Beyond that, open source is undergoing tons of change and no one's talking about that.

Give me your perspective on that.

There's never been a standard approach to open source. I once worked with a Product Leader who said to me, “Graham, this is the standard open source playbook.” Baloney. There is no playbook.

You have one big company (Red Hat) that managed to make one model (support) work; no one else has done that. You have a small number of other companies, which I could count on one or two hands, that have managed to make money on open core. All of their models were originally on-prem open-source products with a funnel to a paid, also on-prem product. They are all now transitioning completely to cloud models. Off to the side, you have AWS.

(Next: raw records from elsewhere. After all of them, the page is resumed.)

(* For every metric space $X$, either $h_\infty(X)=0$ or $h_\infty(X)=\infty$. Consequently the coarse entropy of any isometric embedding $f\colon X\to X$ is either $0$ or $\infty$.
   Context: For a map $f\colon X\to X$ on a metric space $(X,d)$, $\delta>0$, $n\in\mathbb N$, $x_0\in X$: a $\delta$-pseudoorbit of $f$ of length $n$ from $x_0$ is $(x_0,\dots,x_n)$ with $d(f(x_i),x_{i+1})\le\delta$ for all $i<n$; $P(f,n,\delta,x_0)$ is the set of these with distance $\max_i d(x_i,y_i)$; $s(f,n,R,\delta,x_0)$ is the supremum of cardinalities of $R$-separated subsets (distinct elements at distance $\ge R$) of $P(f,n,\delta,x_0)$; $h_\infty(f)=\lim_{\delta\to\infty}\lim_{R\to\infty}\limsup_{n\to\infty}\frac1n\log s(f,n,R,\delta,x_0)\in[0,\infty]$, independent of $x_0$. The coarse entropy of the space is $h_\infty(X)=h_\infty(\mathrm{id}_X)$, which equals $h_\infty(f)$ for every isometric embedding $f\colon X\to X$. *)

theory Defs
  imports "HOL-Analysis.Analysis"
begin

definition pseudoorbits :: "('a::metric_space \<Rightarrow> 'a) \<Rightarrow> nat \<Rightarrow> real \<Rightarrow> 'a \<Rightarrow> 'a list set" where
  "pseudoorbits f n \<delta> x0 =
     {xs. length xs = Suc n \<and> xs ! 0 = x0 \<and> (\<forall>i<n. dist (f (xs ! i)) (xs ! Suc i) \<le> \<delta>)}"

definition orbit_dist :: "'a::metric_space list \<Rightarrow> 'a list \<Rightarrow> real" where
  "orbit_dist xs ys = Max {dist (xs ! i) (ys ! i) | i. i < length xs}"

definition separated :: "real \<Rightarrow> 'a::metric_space list set \<Rightarrow> bool" where
  "separated R S \<longleftrightarrow> (\<forall>x\<in>S. \<forall>y\<in>S. x \<noteq> y \<longrightarrow> orbit_dist x y \<ge> R)"

text \<open>supremum of cardinalities of R-separated subsets of P(f,n,delta,x0), in [0,infinity].
  (Infinite separated sets are accounted for by their finite subsets.)\<close>
definition sep_num :: "('a::metric_space \<Rightarrow> 'a) \<Rightarrow> nat \<Rightarrow> real \<Rightarrow> real \<Rightarrow> 'a \<Rightarrow> ereal" where
  "sep_num f n R \<delta> x0 =
     (SUP S \<in> {S. finite S \<and> S \<subseteq> pseudoorbits f n \<delta> x0 \<and> separated R S}. ereal (real (card S)))"

definition ln_ereal :: "ereal \<Rightarrow> ereal" where
  "ln_ereal x = (if x = \<infinity> then \<infinity> else ereal (ln (real_of_ereal x)))"

definition coarse_entropy :: "('a::metric_space \<Rightarrow> 'a) \<Rightarrow> 'a \<Rightarrow> ereal" where
  "coarse_entropy f x0 =
     Lim at_top (\<lambda>\<delta>::real. Lim at_top (\<lambda>R::real.
        limsup (\<lambda>n::nat. ereal (1 / real n) * ln_ereal (sep_num f n R \<delta> x0))))"

definition space_coarse_entropy :: "'a::metric_space \<Rightarrow> ereal" where
  "space_coarse_entropy x0 = coarse_entropy id x0"

end

theory Submission
  imports Defs
begin

text \<open>Write \<open>h\<^sub>\<delta>\<close> for the infimum over \<open>R\<close> of the growth rate of \<open>R\<close>-separated sets of
  \<open>\<delta>\<close>-pseudoorbits, so that the coarse entropy is \<open>sup\<^sub>\<delta> h\<^sub>\<delta>\<close>. For the identity, keeping every
  \<open>k\<close>-th point of a \<open>\<delta>\<close>-pseudoorbit yields a \<open>k\<delta>\<close>-pseudoorbit that is \<open>k\<close> times shorter, so
  \<open>k h\<^sub>\<delta> \<le> h\<^sub>k\<^sub>\<delta>\<close>: either every \<open>h\<^sub>\<delta>\<close> vanishes or the supremum is infinite. For an isometric
  embedding \<open>f\<close>, pseudoorbits of \<open>f\<close> and of the identity can be converted into each other
  isometrically at the cost of doubling the length, so the entropy of \<open>f\<close> lies between
  \<open>h(id)\<close> and \<open>2 h(id)\<close>.\<close>

lemma Lim_at_top_mono:
  fixes g :: "'a::linorder \<Rightarrow> 'b::{complete_linorder,linorder_topology}"
  assumes "mono g"
  shows "Lim at_top g = (SUP x. g x)"
  by (intro tendsto_Lim increasing_tendsto)
    (auto simp: SUP_upper less_SUP_iff eventually_at_top_linorder
      intro: less_le_trans monoD[OF assms])

lemma Lim_at_top_antimono:
  fixes g :: "'a::linorder \<Rightarrow> 'b::{complete_linorder,linorder_topology}"
  assumes "antimono g"
  shows "Lim at_top g = (INF x. g x)"
  by (intro tendsto_Lim decreasing_tendsto)
    (auto simp: INF_lower INF_less_iff eventually_at_top_linorder
      intro: le_less_trans antimonoD[OF assms])

lemma INF_ereal_mult_left:
  assumes "0 < c"
  shows "(INF x\<in>A. ereal c * g x) = ereal c * (INF x\<in>A. g x)"
  using ereal_Inf_cmult[OF assms, of "\<lambda>y. y \<in> g ` A"]
  by (simp add: image_image setcompr_eq_image)

lemma Limsup_compose_filterlim_le:
  fixes a :: "'b \<Rightarrow> 'c::complete_linorder"
  assumes "filterlim \<phi> G F"
  shows "Limsup F (\<lambda>x. a (\<phi> x)) \<le> Limsup G a"
  unfolding Limsup_le_iff
proof (intro allI impI)
  fix y assume "Limsup G a < y"
  then have "\<forall>\<^sub>F z in G. a z < y" using Limsup_le_iff[where X=a and F=G] by blast
  then show "\<forall>\<^sub>F x in F. a (\<phi> x) < y"
    by (rule filterlim_iff[THEN iffD1, OF assms, rule_format])
qed

lemma limsup_rescaled_le:
  fixes a b :: "nat \<Rightarrow> ereal"
  assumes b_nonneg: "\<And>n. 0 \<le> b n" and a_le: "\<And>m. a m \<le> b (\<phi> m)"
    and \<phi>_lim: "filterlim \<phi> sequentially sequentially"
    and \<phi>_le: "\<And>m. real (\<phi> m) \<le> c * real m + d" and "0 < c"
  shows "limsup (\<lambda>m. ereal (1 / real m) * a m) \<le> ereal c * limsup (\<lambda>n. ereal (1 / real n) * b n)"
proof -
  let ?u = "\<lambda>m. ereal (1 / real (\<phi> m)) * b (\<phi> m)"
  have "\<forall>\<^sub>F m in sequentially. ereal (1 / real m) * a m \<le> ereal (c + d / real m) * ?u m"
    using eventually_ge_at_top[of 1] \<phi>_lim[unfolded filterlim_at_top, rule_format, of 1]
  proof eventually_elim
    case (elim m)
    have "ereal (1 / real m) * a m \<le> ereal (1 / real m) * b (\<phi> m)"
      by (intro ereal_mult_left_mono a_le) simp
    also have "\<dots> = ereal (real (\<phi> m) / real m) * ?u m"
      using elim by (simp add: mult.assoc[symmetric])
    also have "\<dots> \<le> ereal (c + d / real m) * ?u m"
      using elim \<phi>_le[of m] b_nonneg[of "\<phi> m"]
      by (intro ereal_mult_right_mono) (auto simp: field_simps)
    finally show ?case .
  qed
  then have "limsup (\<lambda>m. ereal (1 / real m) * a m) \<le> limsup (\<lambda>m. ereal (c + d / real m) * ?u m)"
    by (rule Limsup_mono)
  also have "\<dots> = ereal c * limsup ?u"
  proof (rule ereal_limsup_lim_mult)
    have "(\<lambda>m. c + d / real m) \<longlonglongrightarrow> c + 0"
      by (intro tendsto_add tendsto_const tendsto_divide_0[OF tendsto_const]
          filterlim_at_top_imp_at_infinity filterlim_real_sequentially)
    then show "(\<lambda>m. ereal (c + d / real m)) \<longlonglongrightarrow> ereal c" by simp
  qed (use \<open>0 < c\<close> in auto)
  also have "\<dots> \<le> ereal c * limsup (\<lambda>n. ereal (1 / real n) * b n)"
    using \<open>0 < c\<close> by (intro ereal_mult_left_mono Limsup_compose_filterlim_le \<phi>_lim) auto
  finally show ?thesis .
qed

lemma ereal_infinite_if_multiples_le:
  fixes x y :: ereal
  assumes "0 < x" and le: "\<And>k::nat. ereal (real k) * x \<le> y"
  shows "y = \<infinity>"
proof (cases x)
  case (real r)
  show ?thesis
  proof (rule ccontr)
    assume "y \<noteq> \<infinity>"
    moreover have "0 \<le> y" using le[of 0] by (simp flip: zero_ereal_def)
    ultimately obtain t where "y = ereal t" by (cases y) auto
    moreover obtain k where "t < real k * r" using ex_less_of_nat_mult \<open>0 < x\<close> real by auto
    ultimately show False using le[of k] real by simp
  qed
qed (use assms le[of 1] in auto)

lemma dist_nth_le_orbit_dist:
  "i < length xs \<Longrightarrow> dist (xs ! i) (ys ! i) \<le> orbit_dist xs ys"
  unfolding orbit_dist_def by (rule Max_ge) auto

lemma orbit_dist_attained:
  assumes "0 < length xs"
  obtains i where "i < length xs" "orbit_dist xs ys = dist (xs ! i) (ys ! i)"
proof -
  have "orbit_dist xs ys \<in> {dist (xs ! i) (ys ! i) | i. i < length xs}"
    unfolding orbit_dist_def using assms by (intro Max_in) auto
  then show ?thesis using that by blast
qed

lemma orbit_dist_pos_iff:
  assumes "length xs = length ys" "0 < length xs"
  shows "0 < orbit_dist xs ys \<longleftrightarrow> xs \<noteq> ys"
proof
  assume "0 < orbit_dist xs ys"
  then show "xs \<noteq> ys"
    using orbit_dist_attained[OF assms(2), of ys] by fastforce
next
  assume "xs \<noteq> ys"
  then obtain i where "i < length xs" "xs ! i \<noteq> ys ! i"
    using assms(1) nth_equalityI by blast
  then have "0 < dist (xs ! i) (ys ! i)" by simp
  then show "0 < orbit_dist xs ys"
    using dist_nth_le_orbit_dist[OF \<open>i < length xs\<close>, of ys] by linarith
qed

lemma orbit_dist_le_by_index:
  assumes "0 < length xs"
    and index: "\<And>i. i < length xs \<Longrightarrow> \<exists>j<length xs'. dist (xs ! i) (ys ! i) - c \<le> dist (xs' ! j) (ys' ! j)"
  shows "orbit_dist xs ys - c \<le> orbit_dist xs' ys'"
proof -
  obtain i where i: "i < length xs" "orbit_dist xs ys = dist (xs ! i) (ys ! i)"
    using orbit_dist_attained[OF assms(1)] .
  then obtain j where "j < length xs'" "dist (xs ! i) (ys ! i) - c \<le> dist (xs' ! j) (ys' ! j)"
    using index by blast
  with i show ?thesis using dist_nth_le_orbit_dist[of j xs' ys'] by linarith
qed

lemma length_pseudoorbit: "xs \<in> pseudoorbits f n \<delta> x0 \<Longrightarrow> length xs = Suc n"
  by (simp add: pseudoorbits_def)

lemma map_in_pseudoorbits:
  assumes "h 0 = x0" "\<And>i. i < n \<Longrightarrow> dist (f (h i)) (h (Suc i)) \<le> \<delta>"
  shows "map h [0..<Suc n] \<in> pseudoorbits f n \<delta> x0"
  using assms by (simp add: pseudoorbits_def nth_map_upt del: upt_Suc)

text \<open>The last hypothesis makes the map injective on separated sets.\<close>
lemma sep_num_le_by_map:
  assumes maps: "\<And>xs. xs \<in> pseudoorbits f n \<delta> x0 \<Longrightarrow> g xs \<in> pseudoorbits f' n' \<delta>' x0'"
    and index: "\<And>xs ys i. xs \<in> pseudoorbits f n \<delta> x0 \<Longrightarrow> ys \<in> pseudoorbits f n \<delta> x0 \<Longrightarrow> i \<le> n \<Longrightarrow>
      \<exists>j\<le>n'. dist (xs ! i) (ys ! i) - c \<le> dist (g xs ! j) (g ys ! j)"
    and "R' \<le> R - c" and "c \<le> 0 \<or> 0 < R'"
  shows "sep_num f n R \<delta> x0 \<le> sep_num f' n' R' \<delta>' x0'"
  unfolding sep_num_def
proof (rule SUP_least)
  let ?P = "pseudoorbits f n \<delta> x0"
  fix S assume "S \<in> {S. finite S \<and> S \<subseteq> ?P \<and> separated R S}"
  then have S: "finite S" "S \<subseteq> ?P" "separated R S" by auto
  have far: "g xs \<noteq> g ys \<and> R' \<le> orbit_dist (g xs) (g ys)" if "xs \<in> S" "ys \<in> S" "xs \<noteq> ys" for xs ys
  proof -
    have xs: "xs \<in> ?P" and ys: "ys \<in> ?P" using that S(2) by auto
    have len: "length xs = Suc n" "length ys = Suc n" "length (g xs) = Suc n'" "length (g ys) = Suc n'"
      using xs ys maps[OF xs] maps[OF ys] by (simp_all add: length_pseudoorbit)
    have "orbit_dist xs ys - c \<le> orbit_dist (g xs) (g ys)"
      using index[OF xs ys] len by (intro orbit_dist_le_by_index) (auto simp: less_Suc_eq_le)
    moreover have "R \<le> orbit_dist xs ys" "0 < orbit_dist xs ys"
      using S(3) that len by (auto simp: separated_def orbit_dist_pos_iff)
    ultimately show ?thesis
      using assms(3,4) len by (auto simp: orbit_dist_pos_iff[symmetric])
  qed
  then have inj: "inj_on g S" by (meson inj_onI)
  have gS: "g ` S \<in> {S. finite S \<and> S \<subseteq> pseudoorbits f' n' \<delta>' x0' \<and> separated R' S}"
    using S maps far unfolding separated_def by (auto, metis)
  show "ereal (real (card S)) \<le> (SUP S\<in>{S. finite S \<and> S \<subseteq> pseudoorbits f' n' \<delta>' x0' \<and> separated R' S}. ereal (real (card S)))"
    using SUP_upper[OF gS, of "\<lambda>S. ereal (real (card S))"] by (simp add: card_image[OF inj])
qed

lemma sep_num_anti_R: "R \<le> R' \<Longrightarrow> sep_num f n R' \<delta> x0 \<le> sep_num f n R \<delta> x0"
  by (rule sep_num_le_by_map[where g=id and c=0]) auto

lemma sep_num_mono_delta: "\<delta> \<le> \<delta>' \<Longrightarrow> sep_num f n R \<delta> x0 \<le> sep_num f n R \<delta>' x0"
  by (rule sep_num_le_by_map[where g=id and c=0]) (auto simp: pseudoorbits_def)

lemma sep_num_eq_0_or_ge_1: "sep_num f n R \<delta> x0 = 0 \<or> 1 \<le> sep_num f n R \<delta> x0"
proof (cases "\<exists>S. finite S \<and> S \<subseteq> pseudoorbits f n \<delta> x0 \<and> separated R S \<and> S \<noteq> {}")
  case True
  then obtain S where S: "finite S \<and> S \<subseteq> pseudoorbits f n \<delta> x0 \<and> separated R S" "S \<noteq> {}"
    by blast
  then have "ereal 1 \<le> ereal (real (card S))" by (simp add: Suc_leI card_gt_0_iff)
  also have "\<dots> \<le> sep_num f n R \<delta> x0"
    unfolding sep_num_def using S(1) by (intro SUP_upper) auto
  finally show ?thesis by (simp add: one_ereal_def)
next
  case False
  then have "{S. finite S \<and> S \<subseteq> pseudoorbits f n \<delta> x0 \<and> separated R S} = {{}}"
    by (auto simp: separated_def)
  then show ?thesis unfolding sep_num_def by simp
qed
lemma bij_betw_secrecy_split:
  assumes v: "v \<in> attrs N K"
  shows "bij_betw (secrecy_split v) (coins :: 'f::{finite,field} coin set)
    ((crs (D * nlows) \<times> (crs (K * D) \<times> crs D)) \<times> dbs_without v)"
proof (rule bij_betwI[where g = "secrecy_join v"])
  show "secrecy_split v \<in> coins \<rightarrow> (crs (D * nlows) \<times> (crs (K * D) \<times> crs D)) \<times> dbs_without v"
    using v by (auto simp: secrecy_split_def coins_def dbs_without_def crs_def dbs_def central_offsets_def)
  show "secrecy_join v \<in> (crs (D * nlows) \<times> (crs (K * D) \<times> crs D)) \<times> dbs_without v \<rightarrow> coins"
    using v by (auto simp: secrecy_join_def coins_def dbs_without_def crs_def dbs_def central_offsets_def)
  show "secrecy_join v (secrecy_split v u) = u" for u :: "'f coin"
    by (cases u) (simp add: secrecy_split_def secrecy_join_def)
  show "secrecy_split v (secrecy_join v t) = t"
    if "t \<in> (crs (D * nlows) \<times> (crs (K * D) \<times> crs D)) \<times> dbs_without v" for t
    using that by (auto simp: secrecy_split_def secrecy_join_def dbs_without_def)
qed

lemma coins_central_view_indep_rest:
  assumes v: "v \<in> attrs N K"
  shows "map_pmf (\<lambda>(\<alpha>, W, S). ((map \<alpha> [0..<D * nlows], answer N D K server_answer D (v, query v \<alpha>, W, S), W v),
                                W(v := (\<lambda>_. 0)))) (pmf_of_set (coins :: 'f::{finite,field} coin set))
   = pair_pmf (map_pmf (\<lambda>(\<alpha>, S', x). (map \<alpha> [0..<D * nlows], map S' [0..<K * D], x))
                 (pmf_of_set (crs (D * nlows) \<times> (crs (K * D) \<times> crs D))))
              (pmf_of_set (dbs_without v))"
proof -
  let ?forget = "\<lambda>((\<alpha>, S', x), W'). ((map \<alpha> [0..<D * nlows], map S' [0..<K * D], x), W')"
  have "map_pmf (\<lambda>(\<alpha>, W, S). ((map \<alpha> [0..<D * nlows], answer N D K server_answer D (v, query v \<alpha>, W, S), W v),
                                W(v := (\<lambda>_. 0)))) (pmf_of_set (coins :: 'f coin set))
      = map_pmf ?forget (map_pmf (secrecy_split v) (pmf_of_set (coins :: 'f coin set)))"
    unfolding pmf.map_comp
    by (rule map_pmf_cong[OF refl])
      (auto simp: secrecy_split_def answer_central[OF v] central_offsets_def)
  also have "map_pmf (secrecy_split v) (pmf_of_set coins)
      = pmf_of_set ((crs (D * nlows) \<times> (crs (K * D) \<times> crs D)) \<times> dbs_without v)"
    by (rule map_pmf_of_set_bij_betw[OF bij_betw_secrecy_split[OF v] coins_nonempty finite_coins])
  also have "\<dots> = pair_pmf (pmf_of_set (crs (D * nlows) \<times> (crs (K * D) \<times> crs D))) (pmf_of_set (dbs_without v))"
    by (rule pair_pmf_of_set[symmetric]) (simp_all add: finite_crs finite_dbs_without dbs_without_nonempty)
  also have "map_pmf ?forget \<dots> = pair_pmf (map_pmf (\<lambda>(\<alpha>, S', x). (map \<alpha> [0..<D * nlows], map S' [0..<K * D], x))
      (pmf_of_set (crs (D * nlows) \<times> (crs (K * D) \<times> crs D)))) (map_pmf id (pmf_of_set (dbs_without v)))"
    unfolding map_pair[symmetric] by (rule map_pmf_cong) auto
  finally show ?thesis by (simp only: pmf.map_id)
qed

So, the world has woken up to the idea that the cloud as a service seems like a good monetization model, ostensibly for open-source products. But it’s broken as a funnel strategy. It’s not based on the same principles as the open source companies that people founded in 2008, 2009, 2010. The user journey for someone who downloads something open source and then migrates to a hosted version of that product is disjointed. Who wants to get something working in their own prod environment, then someday later, do a big migration to a hosted cloud service? I can tell you from experience—it’s no one’s top priority.

There's an unspoken idea in the market that cloud-hosted is a panacea for open-source monetization. But that’s only if your user journey makes it work. Otherwise, you're going to have a huge base of users running your open source product who don’t want to migrate to your hosted product.

The question is, what is your open-source product really for? And what does the ideal version of that journey look like?